For a discussion of some of the linguistic and cultural issues involved, see Stan Carey, "'Snuck' sneaked in", Sentence First 6/18/2010.



15 Comments

  1. Adam said,

    October 17, 2011 @ 7:08 am

    Strong verbs rule. ;-)

  2. h.s. gudnason said,

    October 17, 2011 @ 8:59 am

    @Adam, But weak ones obviously role in the past!

  3. GeorgeW said,

    October 17, 2011 @ 9:09 am

    According to MWCD: "From its earliest appearance in print in the late 19th century as a dialectal and probably uneducated form, the past and past participle snuck has risen to the status of standard and to approximate equality with sneaked. Indications are that it is continuing to grow in frequency."

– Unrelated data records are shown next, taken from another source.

lemma sum_incidence_eq_0_if_one_crossing:
  assumes "finite R" and "S \<subseteq> R" and ker: "incidence R a = (\<lambda>_. 0)" and "finite A"
    and no_crossing: "\<forall>r\<in>R - {e}. fst r \<in> A \<longleftrightarrow> snd r \<in> A"
  shows "(\<Sum>z\<in>A. incidence S a z) = 0"
proof -
  define flux where "flux r = a r * (of_bool (snd r \<in> A) - of_bool (fst r \<in> A))" for r
  have local_flux: "(\<Sum>z\<in>A. incidence T a z) = sum flux (T \<inter> {e})" if "T \<subseteq> R" for T
  proof -
    have "finite T" using that assms(1) by (rule finite_subset)
    with that no_crossing have "sum flux T = sum flux (T \<inter> {e})"
      by (intro sum.mono_neutral_right) (auto simp: flux_def)
    then show ?thesis by (simp add: sum_incidence_eq_flux[OF assms(4)] flux_def)
  qed
  have "sum flux (R \<inter> {e}) = 0"
    using local_flux[of R] ker by simp
  moreover have "S \<inter> {e} = R \<inter> {e} \<or> S \<inter> {e} = {}"
    using assms(2) by blast
  ultimately show ?thesis
    using local_flux[OF assms(2)] by auto
qed

lemma is_path_drop:
  assumes "is_path S (vs, es) x y" and "j < length vs"
  shows "is_path S (drop j vs, drop j es) (vs ! j) y"
  using assms by (auto simp: is_path_def Let_def hd_drop_conv_nth)

lemma is_path_Cons:
  assumes "is_path S (vs, es) w y" and "x \<notin> set vs" and "e \<in> S" and "e = (x, w) \<or> e = (w, x)"
  shows "is_path S (x # vs, e # es) x y"
  using assms by (cases vs) (auto simp: is_path_def Let_def nth_Cons split: nat.split)

lemma rtrancl_imp_is_path:
  assumes "(x, y) \<in> (S \<union> S\<inverse>)\<^sup>*"
  shows "\<exists>p. is_path S p x y"
  using assms
proof (induction rule: converse_rtrancl_induct)
  case base
  have "is_path S ([y], []) y y" by (simp add: is_path_def)
  then show ?case by blast
next
  case (step x w)
  then obtain vs es where p: "is_path S (vs, es) w y" by auto
  show ?case
  proof (cases "x \<in> set vs")
    case True
    then obtain j where "j < length vs" "vs ! j = x" by (auto simp: in_set_conv_nth)
    with is_path_drop[OF p] show ?thesis by metis
  next
    case False
    from step.hyps(1) obtain e where "e \<in> S" "e = (x, w) \<or> e = (w, x)" by blast
    with is_path_Cons[OF p False] show ?thesis by blast
  qed
qed

lemma is_path_mono: "is_path S p x y \<Longrightarrow> S \<subseteq> T \<Longrightarrow> is_path T p x y"
  unfolding is_path_def Let_def by blast

lemma is_path_edges: "is_path S p x y \<Longrightarrow> set (snd p) \<subseteq> S"
  unfolding is_path_def Let_def by (auto simp: in_set_conv_nth) metis

lemma is_path_nonempty:
  assumes "is_path S p x y" and "x \<noteq> y"
  shows "snd p \<noteq> []"
proof
  assume "snd p = []"
  with assms(1) obtain v where "fst p = [v]" "hd (fst p) = x" "last (fst p) = y"
    by (auto simp: is_path_def Let_def length_Suc_conv)
  with assms(2) show False by simp
qed

lemma unique_path_edge_separates:
  assumes uniq: "\<And>q. is_path R q x y \<Longrightarrow> q = p" and e: "e \<in> set (snd p)"
  shows "(x, y) \<notin> ((R - {e}) \<union> (R - {e})\<inverse>)\<^sup>*"
proof
  assume "(x, y) \<in> ((R - {e}) \<union> (R - {e})\<inverse>)\<^sup>*"
  from rtrancl_imp_is_path[OF this] obtain q where q: "is_path (R - {e}) q x y"
    by blast
  then have "is_path R q x y"
    using Diff_subset by (rule is_path_mono)
  then have "q = p" by (rule uniq)
  with is_path_edges[OF q] e show False by auto
qed

lemma rtrancl_sym_edge_closed:
  assumes "(u, v) \<in> E"
  shows "(x, u) \<in> (E \<union> E\<inverse>)\<^sup>* \<longleftrightarrow> (x, v) \<in> (E \<union> E\<inverse>)\<^sup>*"
  using assms by (meson UnI1 UnI2 converseI rtrancl_into_rtrancl)

lemma linkage_class_edge_closed:
  assumes "L \<in> linkage_classes R" and "(u, v) \<in> R"
  shows "u \<in> L \<longleftrightarrow> v \<in> L"
proof -
  obtain c where "L = linked R `` {c}"
    using assms(1) unfolding linkage_classes_def by (rule quotientE)
  moreover from assms(2) have "u \<in> complexes R" "v \<in> complexes R"
    by (force simp: complexes_def)+
  ultimately show ?thesis
    unfolding linked_def using rtrancl_sym_edge_closed[OF assms(2), of c] by simp
qed

lemma linkage_class_rtrancl_closed:
  assumes "L \<in> linkage_classes R" and "S \<subseteq> R" and "x \<in> L" and "(x, y) \<in> (S \<union> S\<inverse>)\<^sup>*"
  shows "y \<in> L"
  using assms(4)
proof induction
  case base
  show ?case by (rule assms(3))
next
  case (step y z)
  with assms(2) have "(y, z) \<in> R \<or> (z, y) \<in> R" by blast
  with step.IH show ?case
    using linkage_class_edge_closed[OF assms(1)] by blast
qed

lemma linkage_class_subset_complexes: "L \<in> linkage_classes R \<Longrightarrow> L \<subseteq> complexes R"
  unfolding linkage_classes_def linked_def by (auto elim: quotientE)

lemma finite_linkage_class:
  assumes "finite R" and "L \<in> linkage_classes R"
  shows "finite L"
proof (rule finite_subset)
  show "L \<subseteq> complexes R" using assms(2) by (rule linkage_class_subset_complexes)
  show "finite (complexes R)" using assms(1) by (simp add: complexes_def)
qed

lemma linkage_class_exists:
  assumes "z \<in> complexes R"
  shows "\<exists>L\<in>linkage_classes R. z \<in> L"
proof
  show "linked R `` {z} \<in> linkage_classes R"
    unfolding linkage_classes_def using assms by (rule quotientI)
  show "z \<in> linked R `` {z}"
    unfolding linked_def using assms by simp
qed

lemma incidence_eq_0_at_ends_of_unique_path:
  assumes "finite R" and "S \<subseteq> R" and ker: "incidence R a = (\<lambda>_. 0)"
    and L: "L \<in> linkage_classes R" and "x \<in> L" and "y \<in> L" and "x \<noteq> y"
    and uniq: "\<exists>!p. is_path R p x y"
    and vanish: "\<And>z. z \<in> L - {x, y} \<Longrightarrow> incidence S a z = 0"
  shows "incidence S a x = 0 \<and> incidence S a y = 0"
proof -
  obtain p where p: "is_path R p x y" and p_unique: "\<And>q. is_path R q x y \<Longrightarrow> q = p"
    using uniq by blast
  obtain e where e: "e \<in> set (snd p)"
    using is_path_nonempty[OF p \<open>x \<noteq> y\<close>] by (meson list.set_sel(1))
  define A where "A = {z. (x, z) \<in> ((R - {e}) \<union> (R - {e})\<inverse>)\<^sup>*}"
  have finL: "finite L" using assms(1) L by (rule finite_linkage_class)
  have "A \<subseteq> L"
    unfolding A_def using linkage_class_rtrancl_closed[OF L Diff_subset \<open>x \<in> L\<close>] by blast
  then have finA: "finite A" using finL by (rule finite_subset)
  have "y \<notin> A"
    using unique_path_edge_separates[OF p_unique e] by (simp add: A_def)
  have "(\<Sum>z\<in>A. incidence S a z) = (\<Sum>z\<in>{x}. incidence S a z)"
  proof (rule sum.mono_neutral_right[OF finA])
    show "{x} \<subseteq> A" by (simp add: A_def)
    show "\<forall>z\<in>A - {x}. incidence S a z = 0"
      using vanish \<open>A \<subseteq> L\<close> \<open>y \<notin> A\<close> by blast
  qed
  moreover have "(\<Sum>z\<in>A. incidence S a z) = 0"
  proof (rule sum_incidence_eq_0_if_one_crossing[OF assms(1,2) ker finA], intro ballI)
    fix r assume "r \<in> R - {e}"
    then show "fst r \<in> A \<longleftrightarrow> snd r \<in> A"
      unfolding A_def using rtrancl_sym_edge_closed[of "fst r" "snd r" "R - {e}" x] by simp
  qed
  moreover have "(\<Sum>z\<in>L. incidence S a z) = (\<Sum>z\<in>{x, y}. incidence S a z)"
    using vanish assms(5,6) by (intro sum.mono_neutral_right[OF finL]) auto
  moreover have "(\<Sum>z\<in>L. incidence S a z) = 0"
  proof (rule sum_incidence_eq_0_if_one_crossing[OF assms(1,2) ker finL], intro ballI)
    fix r assume "r \<in> R - {e}"
    then show "fst r \<in> L \<longleftrightarrow> snd r \<in> L"
      using linkage_class_edge_closed[OF L, of "fst r" "snd r"] by simp
  qed
  ultimately show ?thesis using \<open>x \<noteq> y\<close> by simp
qed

    I think I have always (Southern AmE, age 70) had an aversion to 'snuck' probably because, at least unconsciously, of its stigma as an "uneducated form."

  4. greg said,

    October 17, 2011 @ 11:10 am

    My personal theory on "snuck" has something to do with the Grinch, which appeared in 1957, and the TV version, 1966. Although I'm too lazy right now to find the source material, I can't think of "snuck" without picturing the Grinch… and the "sneaked/snuck" divide sure does take a leap between 1950 and 1970. Stink, Stank, Stunk!

  5. Faldone said,

    October 17, 2011 @ 11:37 am

    Etymonline (http://www.etymonline.com/index.php?allowed_in_frame=0&search=sneak&searchmode=term) seems to relate it to the OE snican, which was a strong verb. I think this should have given us snike, snoke, ?snick(en), but still it was a strong verb.

  6. Adam said,

    October 17, 2011 @ 3:14 pm

    @h.s. gudnason

    Ha! Is it rule, role, rolen, or rule, role, rulen?

  7. H.s. Gudnason said,

    October 17, 2011 @ 3:17 pm

    @Adam. The Former.

  8. Skullturf said,

    October 17, 2011 @ 6:50 pm

    The "sneaked"/"snuck" question came up somewhat recently when Jennifer Garner was a guest on Conan O'Brien's show.

    http://www.youtube.com/watch?v=q51ld-scMI8

  9. Tom said,

    October 18, 2011 @ 12:37 pm

    Some credit (or whatever) to the great (and grammatically colorful) baseball announcer Dizzy Dean,who (my memory tells me) used snuck ("He snuck back into first") and slud ("He slud into third.")

  10. LDavidH said,

    October 19, 2011 @ 2:18 am

    Didn't Forrest Gump also use it – maybe that helped "popularise" it? Or was that too late to be relevant?

  11. This Week’s Language Blog Roundup | Wordnik ~ all the words said,

    October 21, 2011 @ 10:41 am

    […] for snow” myth; and Julie Sedivy was lukewarm about warm soda. Mark Liberman compared data on snuck versus sneaked, and delved into the Dire, Ne pas dire ("Say, Don't Say") feature of the […]

  12. » Snuckward Ho! The Blue Candle Society said,

    October 27, 2011 @ 7:38 pm

    […] been a week alternately stressful and just plain busy, so I'm copping out with another Language Log Link (or a triple-L, as well call it in the blogging […]

  13. “Snuck” sneaked in « Sentence first said,

    November 28, 2011 @ 1:26 pm

    […] also Liberman's corpus analysis of snuck vs. sneaked in different contexts, and a follow-up post that shows Google Books "replicating the snuckward trend" in American […]

  14. Joe Gallagher said,

    December 10, 2011 @ 2:17 pm

    I will accept "snuck" only when the past tense of peak becomes "puck".

  15. pjharvey said,

    October 25, 2012 @ 7:10 am

    I don't know if this is the best place to post this, or if it is entirely relevant, but:

    'A more paranoid ship, the Caconym thought, would almost feel like it had been getting snuck up on.' –Iain M. Banks, The Hydrogen Sonata, p.61.